All 130 seats in the House of Assembly 66 seats needed for a majority
- Registered: 365,307
- Turnout: 71.57%
|  | First party | Second party |
| Leader | Louis Botha | Thomas Smartt |
| Party | South African | Unionist |
| Leader's seat | Losberg | Fort Beaufort |
| Last election | 28.45%, 66 seats | 37.65%, 36 seats |
| Seats won | 54 | 39 |
| Seat change | −12 | +3 |
| Popular vote | 94,285 | 49,917 |
| Percentage | 36.67% | 19.41% |
| Swing | +8.22pp | −18.24pp |
|  | Third party | Fourth party |
| Leader | J. B. M. Hertzog | Frederic Creswell |
| Party | National | Labour |
| Leader's seat | Smithfield | stood in Bezuidenhout |
| Last election | Did not exist | 10.93%, 3 seats |
| Seats won | 27 | 4 |
| Seat change | New party | +1 |
| Popular vote | 75,623 | 24,755 |
| Percentage | 29.41% | 9.63% |
| Swing | New party | −1.30pp |
- Results by province
| Prime Minister before election Louis Botha South African | Elected Prime Minister Louis Botha South African |

= 1915 South African general election =

General elections were held in South Africa on 20 October 1915 to elect the 130 members of the House of Assembly. This was the second Union Parliament. The governing South African Party (SAP) of General Louis Botha emerged from the elections as the largest party, but did not receive an overall majority.

Botha formed a minority government, which survived with some parliamentary support from the official opposition Unionist Party.

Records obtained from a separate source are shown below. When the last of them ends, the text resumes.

definition cover_weight ::
  "'i set \<Rightarrow> ('i \<Rightarrow> ('a, 'b::comm_ring_1) passage) \<Rightarrow> 't set \<Rightarrow> ('t \<Rightarrow> 'a \<times> 'a) \<Rightarrow> 'b" where
  "cover_weight I \<pi> T \<tau> = (\<Sum>g\<in>covers I \<pi> T \<tau>. \<Prod>t\<in>T. lbl (\<pi> (g t)))"

lemma mem_covers:
  "g \<in> covers I \<pi> T \<tau> \<longleftrightarrow>
    (\<forall>t\<in>T. g t \<in> I \<and> ends (\<pi> (g t)) = \<tau> t) \<and> (\<forall>t. t \<notin> T \<longrightarrow> g t = undefined) \<and> g ` T = I"
  by (auto simp: covers_def PiE_iff extensional_def)

lemma finite_covers: "finite I \<Longrightarrow> finite T \<Longrightarrow> finite (covers I \<pi> T \<tau>)"
  unfolding covers_def by (rule finite_subset[OF _ finite_PiE[of T "\<lambda>_. I"]]) auto

lemma cover_weight_cong:
  "(\<And>i. i \<in> I \<Longrightarrow> \<pi> i = \<pi>' i) \<Longrightarrow> cover_weight I \<pi> T \<tau> = cover_weight I \<pi>' T \<tau>"
proof -
  assume eq: "\<And>i. i \<in> I \<Longrightarrow> \<pi> i = \<pi>' i"
  then have "covers I \<pi> T \<tau> = covers I \<pi>' T \<tau>"
    by (auto simp: covers_def PiE_iff)
  with eq show ?thesis
    unfolding cover_weight_def by (intro sum.cong prod.cong refl) (auto simp: mem_covers)
qed

lemma cover_weight_reindex:
  assumes "bij_betw \<beta> J I"
  shows "cover_weight J (\<pi> \<circ> \<beta>) T \<tau> = cover_weight I \<pi> T \<tau>"
  unfolding cover_weight_def
proof (rule sum.reindex_bij_witness[of _ "\<lambda>g. restrict (inv_into J \<beta> \<circ> g) T" "\<lambda>g. restrict (\<beta> \<circ> g) T"])
  have inj: "inj_on \<beta> J" and im: "\<beta> ` J = I"
    using assms by (auto simp: bij_betw_def)
  fix g assume g: "g \<in> covers J (\<pi> \<circ> \<beta>) T \<tau>"
  then have gT: "\<And>t. t \<in> T \<Longrightarrow> g t \<in> J" and gE: "\<And>t. t \<notin> T \<Longrightarrow> g t = undefined"
    by (simp_all add: mem_covers)
  show "restrict (inv_into J \<beta> \<circ> restrict (\<beta> \<circ> g) T) T = g"
    by (rule ext) (auto simp: gE gT inv_into_f_f[OF inj])
  have "restrict (\<beta> \<circ> g) T ` T = \<beta> ` g ` T"
    by (auto simp: image_iff)
  then show "restrict (\<beta> \<circ> g) T \<in> covers I \<pi> T \<tau>"
    using g im by (auto simp: mem_covers)
  show "(\<Prod>t\<in>T. lbl (\<pi> (restrict (\<beta> \<circ> g) T t))) = (\<Prod>t\<in>T. lbl ((\<pi> \<circ> \<beta>) (g t)))"
    by (rule prod.cong) auto
next
  have im: "\<beta> ` J = I"
    using assms by (simp add: bij_betw_def)
  have im': "inv_into J \<beta> ` I = J"
    using assms by (simp add: bij_betw_inv_into bij_betw_imp_surj_on)
  fix g assume g: "g \<in> covers I \<pi> T \<tau>"
  then have gT: "\<And>t. t \<in> T \<Longrightarrow> g t \<in> I" and gE: "\<And>t. t \<notin> T \<Longrightarrow> g t = undefined"
    by (simp_all add: mem_covers)
  have fi: "\<And>t. t \<in> T \<Longrightarrow> \<beta> (inv_into J \<beta> (g t)) = g t"
    using gT im by (auto intro: f_inv_into_f)
  show "restrict (\<beta> \<circ> restrict (inv_into J \<beta> \<circ> g) T) T = g"
    by (rule ext) (auto simp: gE fi)
  have "restrict (inv_into J \<beta> \<circ> g) T ` T = inv_into J \<beta> ` g ` T"
    by (auto simp: image_iff)
  then show "restrict (inv_into J \<beta> \<circ> g) T \<in> covers J (\<pi> \<circ> \<beta>) T \<tau>"
    using g fi im' by (auto simp: mem_covers intro: inv_into_into)
qed

text \<open>A cover of \<open>insert i I\<close> is the same as its nonempty fibre \<open>K\<close> over \<open>i\<close>
  together with a cover of \<open>I\<close> by \<open>T - K\<close>.\<close>
definition split_fibre :: "'t set \<Rightarrow> 'i \<Rightarrow> ('t \<Rightarrow> 'i) \<Rightarrow> 't set \<times> ('t \<Rightarrow> 'i)" where
  "split_fibre T i f = ({t\<in>T. f t = i}, restrict f (T - {t\<in>T. f t = i}))"

definition merge_fibre :: "'t set \<Rightarrow> 'i \<Rightarrow> 't set \<times> ('t \<Rightarrow> 'i) \<Rightarrow> 't \<Rightarrow> 'i" where
  "merge_fibre T i = (\<lambda>(K, g) t. if t \<in> T then if t \<in> K then i else g t else undefined)"

lemma merge_fibre_apply:
  "merge_fibre T i (K, g) t = (if t \<in> T then if t \<in> K then i else g t else undefined)"
  by (simp add: merge_fibre_def)

lemma merge_split_fibre: "f \<in> extensional T \<Longrightarrow> merge_fibre T i (split_fibre T i f) = f"
  by (auto simp: merge_fibre_def split_fibre_def extensional_def intro!: ext)

lemma split_merge_fibre:
  assumes "i \<notin> I" and "K \<subseteq> T" and "g \<in> covers I \<pi> (T - K) \<tau>"
  shows "split_fibre T i (merge_fibre T i (K, g)) = (K, g)"
proof -
  have "{t\<in>T. merge_fibre T i (K, g) t = i} = K"
    using assms by (auto simp: merge_fibre_apply mem_covers)
  then show ?thesis
    using assms(3) by (auto simp: split_fibre_def merge_fibre_apply mem_covers intro!: ext)
qed

lemma merge_fibre_in_covers:
  assumes "K \<subseteq> T" and "K \<noteq> {}" and "\<forall>t\<in>K. \<tau> t = ends (\<pi> i)" and "g \<in> covers I \<pi> (T - K) \<tau>"
  shows "merge_fibre T i (K, g) \<in> covers (insert i I) \<pi> T \<tau>"
proof -
  have "merge_fibre T i (K, g) ` T = merge_fibre T i (K, g) ` K \<union> merge_fibre T i (K, g) ` (T - K)"
    using assms(1) by blast
  also have "\<dots> = insert i I"
    using assms by (auto simp: merge_fibre_apply mem_covers)
  finally show ?thesis
    using assms by (auto simp: mem_covers merge_fibre_apply)
qed

lemma split_fibre_in_covers:
  assumes "i \<notin> I" and "f \<in> covers (insert i I) \<pi> T \<tau>"
  shows "split_fibre T i f \<in>
    (SIGMA K:{K. K \<subseteq> T \<and> K \<noteq> {} \<and> (\<forall>t\<in>K. \<tau> t = ends (\<pi> i))}. covers I \<pi> (T - K) \<tau>)"
proof -
  from assms(2) have fT: "\<And>t. t \<in> T \<Longrightarrow> f t \<in> insert i I \<and> ends (\<pi> (f t)) = \<tau> t"
    and fim: "f ` T = insert i I"
    by (simp_all add: mem_covers)
  define K where "K = {t\<in>T. f t = i}"
  have "K \<subseteq> T \<and> K \<noteq> {} \<and> (\<forall>t\<in>K. \<tau> t = ends (\<pi> i))"
    using fT fim by (auto simp: K_def) (metis image_iff insertI1)
  moreover have "restrict f (T - K) ` (T - K) = I"
    using fT fim assms(1) by (auto simp: K_def image_iff)
  then have "restrict f (T - K) \<in> covers I \<pi> (T - K) \<tau>"
    using fT by (auto simp: mem_covers K_def)
  ultimately show ?thesis
    by (simp add: split_fibre_def K_def)
qed

lemma prod_merge_fibre:
  assumes "finite T" and "K \<subseteq> T"
  shows "(\<Prod>t\<in>T. lbl (\<pi> (merge_fibre T i (K, g) t))) = lbl (\<pi> i) ^ card K * (\<Prod>t\<in>T - K. lbl (\<pi> (g t)))"
proof -
  have "(\<Prod>t\<in>T. lbl (\<pi> (merge_fibre T i (K, g) t))) =
      (\<Prod>t\<in>K. lbl (\<pi> (merge_fibre T i (K, g) t))) * (\<Prod>t\<in>T - K. lbl (\<pi> (merge_fibre T i (K, g) t)))"
    using prod.subset_diff[OF assms(2,1)] by (simp add: mult.commute)
  also have "\<dots> = (\<Prod>t\<in>K. lbl (\<pi> i)) * (\<Prod>t\<in>T - K. lbl (\<pi> (g t)))"
    using assms(2) by (intro arg_cong2[where f = "(*)"] prod.cong) (auto simp: merge_fibre_apply)
  finally show ?thesis
    by simp
qed

lemma cover_weight_insert:
  fixes \<pi> :: "'i \<Rightarrow> ('a, 'b::comm_ring_1) passage" and T :: "'t set"
  assumes fI: "finite I" and fT: "finite T" and i: "i \<notin> I"
  shows "cover_weight (insert i I) \<pi> T \<tau> =
    (\<Sum>K\<in>{K. K \<subseteq> T \<and> K \<noteq> {} \<and> (\<forall>t\<in>K. \<tau> t = ends (\<pi> i))}.
       lbl (\<pi> i) ^ card K * cover_weight I \<pi> (T - K) \<tau>)"
proof -
  define Ks where "Ks = {K. K \<subseteq> T \<and> K \<noteq> {} \<and> (\<forall>t\<in>K. \<tau> t = ends (\<pi> i))}"
  have fKs: "finite Ks"
    unfolding Ks_def by (rule finite_subset[of _ "Pow T"]) (use fT in auto)
  have "(\<Sum>K\<in>Ks. lbl (\<pi> i) ^ card K * cover_weight I \<pi> (T - K) \<tau>) =
      (\<Sum>(K, g)\<in>(SIGMA K:Ks. covers I \<pi> (T - K) \<tau>). lbl (\<pi> i) ^ card K * (\<Prod>t\<in>T - K. lbl (\<pi> (g t))))"
    unfolding cover_weight_def sum_distrib_left
    by (rule sum.Sigma) (use fKs fI fT in \<open>auto intro: finite_covers\<close>)
  also have "\<dots> = (\<Sum>f\<in>covers (insert i I) \<pi> T \<tau>. \<Prod>t\<in>T. lbl (\<pi> (f t)))"
  proof (rule sum.reindex_bij_witness[of _ "split_fibre T i" "merge_fibre T i"])
    fix Kg assume "Kg \<in> (SIGMA K:Ks. covers I \<pi> (T - K) \<tau>)"
    then obtain K g where Kg: "Kg = (K, g)" and K: "K \<subseteq> T" "K \<noteq> {}" "\<forall>t\<in>K. \<tau> t = ends (\<pi> i)"
      and g: "g \<in> covers I \<pi> (T - K) \<tau>"
      by (auto simp: Ks_def)
    show "split_fibre T i (merge_fibre T i Kg) = Kg"
      unfolding Kg using i K(1) g by (rule split_merge_fibre)
    show "merge_fibre T i Kg \<in> covers (insert i I) \<pi> T \<tau>"
      unfolding Kg using K g by (rule merge_fibre_in_covers)
    show "(\<Prod>t\<in>T. lbl (\<pi> (merge_fibre T i Kg t))) =
        (case Kg of (K, g) \<Rightarrow> lbl (\<pi> i) ^ card K * (\<Prod>t\<in>T - K. lbl (\<pi> (g t))))"
      unfolding Kg using fT K(1) by (simp add: prod_merge_fibre)
  next
    fix f assume f: "f \<in> covers (insert i I) \<pi> T \<tau>"
    then show "merge_fibre T i (split_fibre T i f) = f"
      by (simp add: merge_split_fibre covers_def PiE_iff)
    show "split_fibre T i f \<in> (SIGMA K:Ks. covers I \<pi> (T - K) \<tau>)"
      unfolding Ks_def using i f by (rule split_fibre_in_covers)
  qed
  finally show ?thesis
    by (simp add: Ks_def cover_weight_def)
qed

lemma cover_weight_empty: "finite T \<Longrightarrow> cover_weight {} \<pi> T \<tau> = (if T = {} then 1 else 0)"
proof -
  assume fT: "finite T"
  have "covers {} \<pi> T \<tau> = (if T = {} then {\<lambda>_. undefined} else {})"
    by (auto simp: covers_def PiE_iff extensional_def)
  then show ?thesis by (simp add: cover_weight_def)
qed

lemma cover_weight_Cons:
  fixes ps :: "('a, 'b::comm_ring_1) passage list"
  assumes "finite T"
  shows "cover_weight {..<length (p # ps)} (\<lambda>k. (p # ps) ! k) T \<tau> =
    (\<Sum>K\<in>{K. K \<subseteq> T \<and> K \<noteq> {} \<and> (\<forall>t\<in>K. \<tau> t = ends p)}.
       lbl p ^ card K * cover_weight {..<length ps} (\<lambda>k. ps ! k) (T - K) \<tau>)"
proof -
  have bij: "bij_betw Suc {..<length ps} (Suc ` {..<length ps})"
    by (simp add: bij_betw_def)
  have "cover_weight (Suc ` {..<length ps}) (\<lambda>k. (p # ps) ! k) T' \<tau> = cover_weight {..<length ps} (\<lambda>k. ps ! k) T' \<tau>"
    for T'
    using cover_weight_reindex[OF bij, of "\<lambda>k. (p # ps) ! k" T' \<tau>] by (simp add: comp_def)
  then show ?thesis
    using assms by (simp add: lessThan_Suc_eq_insert_0 cover_weight_insert)
qed

lemma cover_weight_eq_ariadne_coeff:
  fixes ps :: "('a, 'b::comm_ring_1) passage list"
  assumes "finite T"
  shows "cover_weight {..<length ps} (\<lambda>k. ps ! k) T \<tau> = ariadne_coeff ps (image_mset \<tau> (mset_set T))"
  using assms
proof (induction ps arbitrary: T)
  case Nil
  then show ?case by (simp add: cover_weight_empty mset_set_empty_iff)
next
  case (Cons p ps)
  define Tp where "Tp = {t\<in>T. \<tau> t = ends p}"
  define \<mu> where "\<mu> = image_mset \<tau> (mset_set T)"
  have fTp: "finite Tp"
    using Cons.prems by (simp add: Tp_def)
  have "cover_weight {..<length (p # ps)} (\<lambda>k. (p # ps) ! k) T \<tau> =
      (\<Sum>K\<in>{K. K \<subseteq> Tp \<and> K \<noteq> {}}. lbl p ^ card K * ariadne_coeff ps (\<mu> - replicate_mset (card K) (ends p)))"
    unfolding cover_weight_Cons[OF Cons.prems]
  proof (rule sum.cong)
    fix K assume "K \<in> {K. K \<subseteq> Tp \<and> K \<noteq> {}}"
    then have "image_mset \<tau> (mset_set (T - K)) = \<mu> - replicate_mset (card K) (ends p)"
      unfolding \<mu>_def by (intro image_mset_mset_set_Diff_const) (use Cons.prems in \<open>auto simp: Tp_def\<close>)
    then show "lbl p ^ card K * cover_weight {..<length ps} (\<lambda>k. ps ! k) (T - K) \<tau> =
        lbl p ^ card K * ariadne_coeff ps (\<mu> - replicate_mset (card K) (ends p))"
      using Cons.IH Cons.prems by simp
  qed (auto simp: Tp_def)
  also have "\<dots> = (\<Sum>k\<in>{1..card Tp}. of_nat (card Tp choose k) *
      (lbl p ^ k * ariadne_coeff ps (\<mu> - replicate_mset k (ends p))))"
    by (rule sum_nonempty_subsets_card[OF fTp])
  also have "card Tp = count \<mu> (ends p)"
    unfolding \<mu>_def Tp_def by (rule count_image_mset_mset_set[OF Cons.prems, symmetric])
  finally show ?case
    by (simp add: \<mu>_def mult.assoc)
qed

==Delimitation of electoral divisions==

The South Africa Act 1909 had provided for a delimitation commission to define the boundaries for each electoral division. The representation by province, under the second delimitation report of 1913, is set out in the table below. The figures in brackets are the number of electoral divisions in the previous (1910) delimitation. If there is no figure in brackets then the number was unchanged.

| Provinces | Cape | Natal | Orange Free State | Transvaal | Total |
|---|---|---|---|---|---|
| Divisions | 51 | 17 | 17 | 45 (36) | 130 (121) |

==Nominations==
Since the last general election, the National Party (NP) had split away from the South African Party (SAP). The formal foundation of the new party had been in 1914.

Eight of the 130 seats were uncontested. There were unopposed returns for 5 Unionist Party, 2 SAP and 1 NP candidates.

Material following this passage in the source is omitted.